I am using a regular expression to find sequences of numbers that aren't refixed with 0x .

eg.

0
50505
20201
0012

My regular expression is (?:[^(0x)]\\d+) , which (in my head) translates to match any sequence of digits not started with 0x . But this doesn't work - what assumption am I incorrectly making?

Answer 1

[^(0x)] in your regular expression match any character that is not ( , 0 , x , ) .

Use negative lookbehind:

>>> re.findall(r'(?<!0x)\d+\b', '0 0x111 50505 20201 0012')
['0', '11', '50505', '20201', '0012']

From http://docs.python.org/2/library/re.html

(?<!...)

Matches if the current position in the string is not preceded by a match for .... This is called a negative lookbehind assertion.

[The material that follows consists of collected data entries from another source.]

(* Let $\mathbb{F}_q$ be a finite field of characteristic $p\geq 5$ and let $A(x)$ be an Alltop function over $\mathbb{F}_q$. For $a,b\in\mathbb{F}_q$ let $\vec{v}_{ab}=\frac{1}{\sqrt{q}}\big(\omega_p^{\mathrm{tr}(A(x+a)+b(x+a))}\big)_{x\in\mathbb{F}_q}\in\mathbb{C}^q$, and let $V_a=\{\vec{v}_{ab}:b\in\mathbb{F}_q\}$. Then the standard basis $E$ of $\mathbb{C}^q$ together with the sets $V_a$, $a\in\mathbb{F}_q$, form a complete set of $q+1$ mutually unbiased bases in $\mathbb{C}^q$.
   Context: $\omega_p=e^{2\pi i/p}$ and $\mathrm{tr}$ is the absolute trace from $\mathbb{F}_q$ to $\mathbb{F}_p$. For $f:\mathbb{F}_q\to\mathbb{F}_q$, $\Delta_{f,a}(x)=f(x+a)-f(x)$; $f$ is planar if $x\mapsto\Delta_{f,a}(x)$ is a bijection for all $a\neq0$; $A$ is an Alltop function if $\Delta_{A,a}$ is planar for all $a\neq0$. Two orthonormal bases $B_1,B_2$ of $\mathbb{C}^d$ are unbiased if $|\langle\vec{x}|\vec{y}\rangle|=1/\sqrt{d}$ for all $\vec{x}\in B_1,\vec{y}\in B_2$ (standard Hermitian inner product); a set of pairwise unbiased orthonormal bases is a set of mutually unbiased bases, and it is complete if it has $d+1$ bases. *)

theory Defs
  imports Complex_Main "HOL-Library.Cardinality"
begin

text \<open>Finite fields are modelled by a type of class finite field; q = CARD('a), p = CHAR('a).\<close>

definition ext_degree :: "'a::{finite,field} itself \<Rightarrow> nat" where
  "ext_degree t = (THE n. CHAR('a) ^ n = CARD('a))"

definition abs_trace :: "'a::{finite,field} \<Rightarrow> 'a" where
  "abs_trace x = (\<Sum>i<ext_degree TYPE('a). x ^ (CHAR('a) ^ i))"

text \<open>The value of the trace as an integer in {0..p-1} (it lies in the prime field).\<close>
definition trace_nat :: "'a::{finite,field} \<Rightarrow> nat" where
  "trace_nat x = (THE k. k < CHAR('a) \<and> of_nat k = abs_trace x)"

definition omega_tr :: "'a::{finite,field} \<Rightarrow> complex" where
  "omega_tr x = exp (2 * of_real pi * \<i> / of_nat CHAR('a)) ^ trace_nat x"

definition Delta :: "('a::ab_group_add \<Rightarrow> 'a) \<Rightarrow> 'a \<Rightarrow> 'a \<Rightarrow> 'a" where
  "Delta f a = (\<lambda>x. f (x + a) - f x)"

definition planar :: "('a::ab_group_add \<Rightarrow> 'a) \<Rightarrow> bool" where
  "planar f \<longleftrightarrow> (\<forall>a. a \<noteq> 0 \<longrightarrow> bij (Delta f a))"

definition alltop :: "('a::ab_group_add \<Rightarrow> 'a) \<Rightarrow> bool" where
  "alltop A \<longleftrightarrow> (\<forall>a. a \<noteq> 0 \<longrightarrow> planar (Delta A a))"

text \<open>Vectors of C^d with d = CARD('i) are functions 'i \<Rightarrow> complex; standard Hermitian inner product.\<close>
definition hinner :: "('i::finite \<Rightarrow> complex) \<Rightarrow> ('i \<Rightarrow> complex) \<Rightarrow> complex" where
  "hinner x y = (\<Sum>i\<in>UNIV. cnj (x i) * y i)"

definition orthonormal_basis :: "('i::finite \<Rightarrow> complex) set \<Rightarrow> bool" where
  "orthonormal_basis B \<longleftrightarrow> card B = CARD('i) \<and>
     (\<forall>x\<in>B. \<forall>y\<in>B. hinner x y = (if x = y then 1 else 0))"

definition unbiased :: "('i::finite \<Rightarrow> complex) set \<Rightarrow> ('i \<Rightarrow> complex) set \<Rightarrow> bool" where
  "unbiased B1 B2 \<longleftrightarrow> (\<forall>x\<in>B1. \<forall>y\<in>B2. cmod (hinner x y) = 1 / sqrt (real CARD('i)))"

definition mutually_unbiased :: "('i::finite \<Rightarrow> complex) set set \<Rightarrow> bool" where
  "mutually_unbiased \<B> \<longleftrightarrow> (\<forall>B\<in>\<B>. orthonormal_basis B) \<and>
     (\<forall>B1\<in>\<B>. \<forall>B2\<in>\<B>. B1 \<noteq> B2 \<longrightarrow> unbiased B1 B2)"

definition complete_MUB :: "('i::finite \<Rightarrow> complex) set set \<Rightarrow> bool" where
  "complete_MUB \<B> \<longleftrightarrow> mutually_unbiased \<B> \<and> card \<B> = CARD('i) + 1"

definition std_basis :: "('i::finite \<Rightarrow> complex) set" where
  "std_basis = {(\<lambda>j. if j = i then 1 else 0) | i. True}"

end

theory Submission
  imports Defs "HOL-Computational_Algebra.Polynomial" "HOL-Computational_Algebra.Primes"
    "HOL-Number_Theory.Cong"
begin

text \<open>
  Write \<open>\<psi>(x) = \<omega>\<^sub>p\<^bsup>tr(x)\<^esup>\<close>. Since the trace is additive and lands in the prime field,
  \<open>\<psi>\<close> is a nontrivial additive character, so \<open>\<Sum>\<^sub>x \<psi>(f x) = 0\<close> for every bijection \<open>f\<close>.
  For two vectors with the same shift \<open>a\<close> the exponent in the inner product is
  \<open>(b' - b)(x + a)\<close>, which gives orthogonality. For shifts \<open>a \<noteq> a'\<close> it is
  \<open>G x = \<Delta>\<^bsub>A,a'-a\<^esub>(x + a) + (b' - b) x + const\<close>, which is planar because \<open>A\<close> is Alltop,
  and for planar \<open>G\<close> expanding \<open>|\<Sum>\<^sub>x \<psi>(G x)|\<^sup>2 = \<Sum>\<^sub>h \<Sum>\<^sub>y \<psi>(\<Delta>\<^bsub>G,h\<^esub> y)\<close> leaves only
  the term \<open>h = 0\<close>, i.e.\ \<open>q\<close>. All entries of the vectors have modulus \<open>1/\<surd>q\<close>, which makes
  each \<open>V\<^sub>a\<close> unbiased to the standard basis.
\<close>

section \<open>Finite fields\<close>

lemma prime_CHAR_finite_field: "prime CHAR('a::{finite,field})"
  by (intro prime_CHAR_semidom finite_imp_CHAR_pos) simp

lemma CHAR_finite_field_ge_2: "CHAR('a::{finite,field}) \<ge> 2"
  using prime_CHAR_finite_field[where 'a='a] prime_ge_2_nat by blast

lemma card_finite_field_ge_2: "CARD('a::{finite,field}) \<ge> 2"
proof -
  have "card {0::'a, 1} \<le> CARD('a)" by (rule card_mono) auto
  thus ?thesis by simp
qed

lemma of_nat_eq_iff_below_CHAR:
  assumes "k < CHAR('a::{finite,field})" "j < CHAR('a)"
  shows "(of_nat k :: 'a) = of_nat j \<longleftrightarrow> k = j"
  using assms of_nat_eq_iff_cong_CHAR[where 'a='a] cong_less_modulus_unique_nat by blast

lemma power_card_finite_field: "(x::'a::{finite,field}) ^ CARD('a) = x"
proof (cases "x = 0")
  case False
  have "(\<Prod>y\<in>UNIV-{0}. x * y) = (\<Prod>y\<in>UNIV-{0::'a}. y)"
    by (rule prod.reindex_bij_witness[of _ "\<lambda>y. y / x" "\<lambda>y. x * y"]) (use False in auto)
  moreover have "(\<Prod>y\<in>UNIV-{0}. x * y) = x ^ (CARD('a) - 1) * (\<Prod>y\<in>UNIV-{0::'a}. y)"
    by (simp only: prod.distrib prod_constant card_Diff_singleton[OF UNIV_I] card_UNIV_def)
  moreover have "(\<Prod>y\<in>UNIV-{0::'a}. y) \<noteq> 0" by simp
  ultimately have "x ^ (CARD('a) - 1) = 1" by simp
  moreover have "CARD('a) = Suc (CARD('a) - 1)" using card_finite_field_ge_2[where 'a='a] by simp
  ultimately show ?thesis by (metis mult_1_right power_Suc)
qed (use card_finite_field_ge_2[where 'a='a] in simp)

definition prime_subfield :: "'a::{finite,field} set" where
  "prime_subfield = {c. c ^ CHAR('a) = c}"

lemma of_nat_in_prime_subfield: "(of_nat k :: 'a::{finite,field}) \<in> prime_subfield"
proof (induction k)
  case 0 show ?case using CHAR_finite_field_ge_2[where 'a='a] by (simp add: prime_subfield_def)
next
  case (Suc k)
  then show ?case
    by (simp add: prime_subfield_def freshmans_dream[OF prime_CHAR_finite_field] add.commute)
qed
(* Let $\Delta$ be a finite, flag, simply connected simplicial complex, and let $H_\Delta$, $q$, $T$, $p_n$, $p$ and $\theta$ be as described in the context. For all $e\in\mathrm{Edge}(\Delta)$ and $n\in\mathbb{Z}$ the following equalities hold in $H_\Delta$: (i) $\theta(e)=p(q,\iota e)\,e\,p(q,\iota e)^{-1}=p(q,\iota e)\,e^2\,p(\tau e,q)=p(q,\iota e)\,e^2\,p(q,\tau e)^{-1}$; (ii) $\theta(e^n)=p(q,\iota e)\,e^n\,p(\iota e,q)=p(q,\iota e)\,e^{n+1}\,p(\tau e,q)=p(q,\iota e)\,e^{n+1}\,p(q,\tau e)^{-1}$; (iii) if $e_1\cdot\ldots\cdot e_l$ is a combinatorial path then $\theta(e_1^n\cdots e_l^n)=p(q,\iota e_1)\,e_1^{n+1}\cdots e_l^{n+1}\,p(\tau e_l,q)$; (iv) $\theta^{-1}(e)=p_{-1}(q,\iota e)\,p_{-1}(\tau e,q)=p_{-1}(q,\iota e)\,e\,p_{-1}(\iota e,q)=p_{-1}(q,\iota e)\,e\,p_{-1}(q,\iota e)^{-1}$; (v) $\theta^{-1}(e^n)=p_{-1}(q,\iota e)\,e^n\,p_{-1}(\iota e,q)=p_{-1}(q,\iota e)\,e^{n-1}\,p_{-1}(\tau e,q)=p_{-1}(q,\iota e)\,e^{n-1}\,p_{-1}(q,\tau e)^{-1}$; (vi) if $e_1\cdot\ldots\cdot e_l$ is a combinatorial path then $\theta^{-1}(e_1^n\cdots e_l^n)=p_{-1}(q,\iota e_1)\,e_1^{n-1}\cdots e_l^{n-1}\,p_{-1}(\tau e_l,q)$; (vii) for all $k\in\mathbb{Z}$, $\theta^k(e)=p_k(q,\iota e)\,e^{k+1}\,p_k(\tau e,q)$.
   Context: $\mathrm{Edge}(\Delta)$ is the set of directed edges of $\Delta$ (each 1-simplex gives two); for $e\in\mathrm{Edge}(\Delta)$, $\iota e$ and $\tau e$ are its initial and terminal vertices and $\overline{e}$ is $e$ with reversed orientation. Directed edges $e_1,\dots,e_l$ form a combinatorial path $e_1\cdot\ldots\cdot e_l$ if $\tau e_i=\iota e_{i+1}$ for all $i$, and a combinatorial 1-cycle if moreover $\tau e_l=\iota e_1$. The Bestvina–Brady group $H_\Delta$ (kernel of the map from the right-angled Artin group of $\Delta$ to $\mathbb{Z}$ sending every standard generator to a fixed generator) is presented by $\mathcal{P}_H=\langle \mathrm{Edge}(\Delta)\mid \mathcal{R}_H\rangle$, where $\mathcal{R}_H$ consists of the words $e\overline{e}$ for $e\in\mathrm{Edge}(\Delta)$ and the words $efg$ and $e^{-1}f^{-1}g^{-1}$ for every combinatorial 1-cycle $e\cdot f\cdot g$. Fix a vertex $q$ and a spanning tree $T$ of the 1-skeleton of $\Delta$. For $n\in\mathbb{Z}$ and vertices $u,v$, $p_n(u,v)$ denotes $e_1^n\cdots e_l^n$ where $e_1\cdot\ldots\cdot e_l$ is the unique geodesic combinatorial path in $T$ from $u$ to $v$, and $p(u,v)=p_1(u,v)$. For $e\in\mathrm{Edge}(\Delta)$ let $w_e=p(q,\iota e)\,e\,p(\iota e,q)$; it is known that $e\mapsto w_e$ defines an automorphism $\theta$ of $H_\Delta$. *)

theory Defs
  imports "HOL-Algebra.Algebra"
begin
lemma abs_scalar_prod_le_vec_norm:
  fixes v w :: "real vec"
  assumes v: "v \<in> carrier_vec n" and w: "w \<in> carrier_vec n"
  shows "\<bar>v \<bullet> w\<bar> \<le> vec_norm v * vec_norm w"
proof -
  define x y where "x = vec_norm v" and "y = vec_norm w"
  have sq: "v \<bullet> v = x\<^sup>2" "w \<bullet> w = y\<^sup>2" unfolding x_def y_def by (simp_all add: vec_norm_square)
  have "0 \<le> (\<Sum>i<n. (y * v $ i + x * w $ i)\<^sup>2)" "0 \<le> (\<Sum>i<n. (y * v $ i - x * w $ i)\<^sup>2)"
    by (simp_all add: sum_nonneg)
  moreover have "(\<Sum>i<n. (y * v $ i + x * w $ i)\<^sup>2) = y\<^sup>2 * (v \<bullet> v) + 2 * x * y * (v \<bullet> w) + x\<^sup>2 * (w \<bullet> w)"
    "(\<Sum>i<n. (y * v $ i - x * w $ i)\<^sup>2) = y\<^sup>2 * (v \<bullet> v) - 2 * x * y * (v \<bullet> w) + x\<^sup>2 * (w \<bullet> w)"
    using v w by (simp_all add: scalar_prod_def atLeast0LessThan power2_eq_square sum.distrib
        sum_subtractf sum_distrib_left algebra_simps)
  ultimately have "x * y * \<bar>v \<bullet> w\<bar> \<le> x * y * (x * y)"
    unfolding sq by (simp add: abs_if power2_eq_square algebra_simps)
  moreover have "x = 0 \<or> y = 0 \<Longrightarrow> v \<bullet> w = 0"
    using vec_norm_eq_0_iff[OF v] vec_norm_eq_0_iff[OF w] v w unfolding x_def y_def by auto
  moreover have "0 \<le> x" "0 \<le> y" unfolding x_def y_def by (simp_all add: vec_norm_nonneg)
  ultimately show ?thesis unfolding x_def[symmetric] y_def[symmetric]
    by (cases "x * y = 0") (auto simp: mult_le_cancel_left)
qed
(* Let $N,M\ge 1$, $1\le Q\le N$, and let $\mathbf{P}\in\mathbb{C}^{N\times Q}$ be deterministic with unit-norm rows. Let $\mathbf{x}\in\mathbb{C}^{N}$ be a random input with an arbitrary distribution, independent of everything else. Let $\mathbf{Y}=\mathbf{S}\mathbf{P}^{T}\mathrm{diag}\{\mathbf{x}\}+\mathbf{W}$ with $\mathbf{S}\in\mathbb{C}^{M\times Q}$ and $\mathbf{W}\in\mathbb{C}^{M\times N}$ having i.i.d. $\mathcal{CN}(0,1)$ entries. Let $\mathbf{Y}'=\mathbf{s}'\mathbf{x}^{T}+\mathbf{W}'$, where $\mathbf{s}'\sim\mathcal{CN}(\mathbf{0},\mathbf{I}_{QM})$ and $\mathbf{W}'\in\mathbb{C}^{QM\times N}$ has i.i.d. $\mathcal{CN}(0,1)$ entries, with $\mathbf{x},\mathbf{s}',\mathbf{W}'$ independent. Then $I(\mathbf{x};\mathbf{Y})\le I(\mathbf{x};\mathbf{Y}')$. Consequently, for every $\rho>0$, the capacity under the constraint $\mathbb{E}[\|\mathbf{x}\|^2]\le N\rho$ of the first channel (rank $Q$, $M$ receive antennas) is at most the capacity under the same constraint of the second channel (rank $1$, $QM$ receive antennas). *)

theory Defs
  imports "HOL-Probability.Probability"
begin

definition cgauss :: "complex measure" where
  "cgauss = density lborel (\<lambda>z. ennreal (exp (- (cmod z)\<^sup>2) / pi))"

definition iid_cgauss_vec :: "(complex ^ 'i::finite) measure" where
  "iid_cgauss_vec = distr (\<Pi>\<^sub>M i\<in>UNIV. cgauss) borel (\<lambda>f. \<chi> i. f i)"
lemma R_basis_extend_dual_family:
  fixes g :: "'i \<Rightarrow> 'a::real_vector" and m :: "'i \<Rightarrow> 'a \<Rightarrow> real"
  assumes R: "real_subring R" and "finite I" and W: "R_submodule R W"
    and g: "\<And>i. i \<in> I \<Longrightarrow> g i \<in> W"
    and m: "\<And>i. i \<in> I \<Longrightarrow> linear (m i)" "\<And>i w. i \<in> I \<Longrightarrow> w \<in> W \<Longrightarrow> m i w \<in> R"
    and dual: "\<And>i j. i \<in> I \<Longrightarrow> j \<in> I \<Longrightarrow> m i (g j) = (if i = j then 1 else 0)"
    and C: "R_basis R {w\<in>W. \<forall>i\<in>I. m i w = 0} C"
  shows "R_basis R W (g ` I \<union> C)"
proof -
  have C_props: "C \<subseteq> W" "\<And>i v. i \<in> I \<Longrightarrow> v \<in> C \<Longrightarrow> m i v = 0" "R_independent R C"
    "Rspan R C = {w\<in>W. \<forall>i\<in>I. m i w = 0}"
    using C unfolding R_basis_def by auto
  have m_basis: "m i v = (if v = g i then 1 else 0)" if "i \<in> I" "v \<in> g ` I \<union> C" for i v
    using that dual C_props(2) by (auto dest: C_props(2)[of i "g i"])
  have "R_independent R (g ` I \<union> C)"
    unfolding R_independent_def
  proof (intro allI impI)
    fix F c assume "finite F \<and> F \<subseteq> g ` I \<union> C \<and> (\<forall>v\<in>F. c v \<in> R) \<and> (\<Sum>v\<in>F. c v *\<^sub>R v) = 0"
    then have h: "finite F" "F \<subseteq> g ` I \<union> C" "\<forall>v\<in>F. c v \<in> R" "(\<Sum>v\<in>F. c v *\<^sub>R v) = 0"
      by auto
    have c_g: "c v = 0" if v: "v \<in> F" "v \<in> g ` I" for v
    proof -
      obtain i where i: "i \<in> I" "v = g i" using v(2) by blast
      have "0 = m i (\<Sum>v\<in>F. c v *\<^sub>R v)"
        using h(4) linear_0[OF m(1)[OF i(1)]] by simp
      also have "\<dots> = (\<Sum>u\<in>F. if u = v then c u else 0)"
        using h(2) m_basis[OF i(1)] i(2)
        by (auto simp: linear_sum[OF m(1)[OF i(1)]] linear_scale[OF m(1)[OF i(1)]] intro!: sum.cong)
      also have "\<dots> = c v"
        using h(1) v(1) by simp
      finally show ?thesis by simp
    qed
    have "(\<Sum>v\<in>F - g ` I. c v *\<^sub>R v) = 0"
      using h c_g by (subst sum.mono_neutral_left[of F]) auto
    moreover have "F - g ` I \<subseteq> C" "finite (F - g ` I)"
      using h by auto
    ultimately have "\<forall>v\<in>F - g ` I. c v = 0"
      using R_independentD[OF C_props(3)] h by blast
    then show "\<forall>v\<in>F. c v = 0"
      using c_g by blast
  qed
  moreover have gen_W: "g ` I \<union> C \<subseteq> W"
    using g C_props(1) by blast
  moreover have "Rspan R (g ` I \<union> C) = W"
  proof
    show span_W: "Rspan R (g ` I \<union> C) \<subseteq> W"
      using Rspan_subset_R_submodule[OF W gen_W] .
    show "W \<subseteq> Rspan R (g ` I \<union> C)"
    proof
      fix w assume w: "w \<in> W"
      define s where "s = (\<Sum>i\<in>I. m i w *\<^sub>R g i)"
      have s: "s \<in> Rspan R (g ` I \<union> C)"
        unfolding s_def using m(2) w by (intro Rspan_sum[OF R] Rspan_scaleR[OF R] Rspan_inc[OF R]) auto
      have "m j s = m j w" if "j \<in> I" for j
      proof -
        have "m j s = (\<Sum>i\<in>I. if i = j then m i w else 0)"
          unfolding s_def using dual that
          by (auto simp: linear_sum[OF m(1)[OF that]] linear_scale[OF m(1)[OF that]] intro!: sum.cong)
        then show ?thesis using \<open>finite I\<close> that by simp
      qed
      moreover have "s \<in> W"
        using s span_W by blast
      ultimately have "w - s \<in> Rspan R C"
        using C_props(4) R_submodule_diff[OF R W w] m(1) by (simp add: linear_diff)
      then have "w - s \<in> Rspan R (g ` I \<union> C)"
        using Rspan_mono[of C "g ` I \<union> C" R] by blast
      then show "w \<in> Rspan R (g ` I \<union> C)"
        using Rspan_add[OF R _ s] by fastforce
    qed
  qed
  ultimately show ?thesis unfolding R_basis_def by blast
qed
lemma card_le_if_Diff_subset_doubleton:
  assumes "V - X \<subseteq> {a, b}" and "finite X"
  shows "card V \<le> card X + 2"
proof -
  have "V \<subseteq> X \<union> {a, b}" using assms(1) by blast
  then have "card V \<le> card (X \<union> {a, b})" using assms(2) by (simp add: card_mono)
  also have "\<dots> \<le> card X + card {a, b}" by (rule card_Un_le)
  also have "\<dots> \<le> card X + 2" by (simp add: card_insert_if)
  finally show ?thesis .
qed

lemma even_pair_light_component:
  assumes AB: "bipartition V \<theta> A B" and a: "a \<in> A"
    and B: "B - {v, x, y} = {b}" and v: "v \<in> B"
    and "v \<noteq> x" "\<theta> v x = 0" "v \<noteq> y" "\<theta> v y = 0"
    and "\<theta> a b = -1" "\<theta> a v = -1"
  shows "even_pair V \<theta> a b"
proof (rule even_pair_anticomplete_side[OF AB a])
  show "b \<in> B" using B by blast
  have "x \<notin> B" "y \<notin> B"
    using AB v assms(5-8) unfolding bipartition_def strongly_stable_def by force+
  then have "B \<subseteq> {b, v}" using B by blast
  then show "\<forall>z\<in>B. \<theta> a z = -1" using assms(9,10) by blast
qed

lemma favorable_bipartite_even_pair_outside_switch_comp:
  assumes fav: "favorable V \<theta>" and "bipartite V \<theta>"
  shows "\<exists>u v. even_pair V \<theta> u v \<and> u \<notin> switch_comp V \<theta> \<and> v \<notin> switch_comp V \<theta>"
proof (rule ccontr)
  define D where "D = switch_comp V \<theta>"
  assume "\<not> ?thesis"
  then have none: "\<nexists>u v. even_pair V \<theta> u v \<and> u \<notin> D \<and> v \<notin> D" unfolding D_def .
  have F: "in_F V \<theta>" and T: "trigraph V \<theta>" and "5 \<le> card V"
    using fav unfolding favorable_def in_F_def by blast+
  obtain A B where AB: "bipartition V \<theta> A B"
    using \<open>bipartite V \<theta>\<close> bipartite_iff_bipartition by blast
  obtain u w where "u \<in> V - D" "w \<in> V - D" "u \<noteq> w" "\<theta> u w = -1"
    using fav unfolding favorable_def D_def by blast
  then obtain a b where A: "A - D = {a}" and B: "B - D = {b}" and "\<theta> a b = -1" "\<theta> b a = -1"
    using bipartition_singletons_outside_if_no_even_pair[OF T AB none] by metis
  have "V - D \<subseteq> {a, b}" using AB A B unfolding bipartition_def by blast
  moreover have "finite D"
    using T finite_subset[OF switch_comp_subset] unfolding trigraph_def D_def by blast
  ultimately have "card V \<le> card D + 2" by (rule card_le_if_Diff_subset_doubleton)
  then have "\<not> card D \<le> 2" using \<open>5 \<le> card V\<close> by linarith
  then obtain v x y where D: "D = {v, x, y}"
    and light: "v \<noteq> x" "\<theta> v x = 0" "v \<noteq> y" "\<theta> v y = 0"
    and v_anticomplete: "\<forall>z \<in> V - {v, x, y}. \<theta> v z = -1"
    using in_F_switch_comp_cases[OF F] unfolding D_def by metis
  have "v \<in> V" using D switch_comp_subset[of V \<theta>] unfolding D_def by blast
  have "a \<in> V - {v, x, y}" "b \<in> V - {v, x, y}"
    using A B AB D unfolding bipartition_def by blast+
  then have "\<theta> a v = -1" "\<theta> b v = -1"
    using \<open>v \<in> V\<close> v_anticomplete trigraph_sym[OF T] by (metis DiffE insertCI)+
  consider "v \<in> B" | "v \<in> A" using AB \<open>v \<in> V\<close> unfolding bipartition_def by blast
  then show False
  proof cases
    case 1
    have "even_pair V \<theta> a b"
      using even_pair_light_component[OF AB _ B[unfolded D] 1 light] A
        \<open>\<theta> a b = -1\<close> \<open>\<theta> a v = -1\<close> by blast
    then show False using none A B by blast
  next
    case 2
    have "even_pair V \<theta> b a"
      using even_pair_light_component[OF bipartition_swap[OF AB] _ A[unfolded D] 2 light] B
        \<open>\<theta> b a = -1\<close> \<open>\<theta> b v = -1\<close> by blast
    then show False using none A B by blast
  qed
qed

theorem theorem4p2:
  fixes V :: "'a set" and \<theta> :: "'a \<Rightarrow> 'a \<Rightarrow> int"
  assumes "in_F V \<theta>" and "bipartite V \<theta>"
  shows "(complete V \<theta> \<or> (\<exists>u v. even_pair V \<theta> u v)) \<and>
         (favorable V \<theta> \<longrightarrow>
            (\<exists>u v. even_pair V \<theta> u v \<and> u \<notin> switch_comp V \<theta> \<and> v \<notin> switch_comp V \<theta>))"
proof -
  have "trigraph V \<theta>" using \<open>in_F V \<theta>\<close> by (simp add: in_F_def)
  then show ?thesis
    using bipartite_complete_or_even_pair favorable_bipartite_even_pair_outside_switch_comp
      \<open>bipartite V \<theta>\<close>
    by blast
qed

end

Similar to positive lookbehind assertions, the contained pattern must only match strings of some fixed length. Patterns which start with negative lookbehind assertions may match at the beginning of the string being searched.

---

UPDATE

Use following regular expression:

>>> re.findall(r'\b\d+\b', '0 0x111 50505 20201 0012')
['0', '50505', '20201', '0012']

Answer 2

That looks like a non-capture group for anything that doesn't start with [0 or x].

Did you try a negative look-behind?

(r'(?<!0x)\d+')

(Took me a helluva long time to type this on the phone and now I see someone's already sorted it. Lesson learned: no regex on the phone.)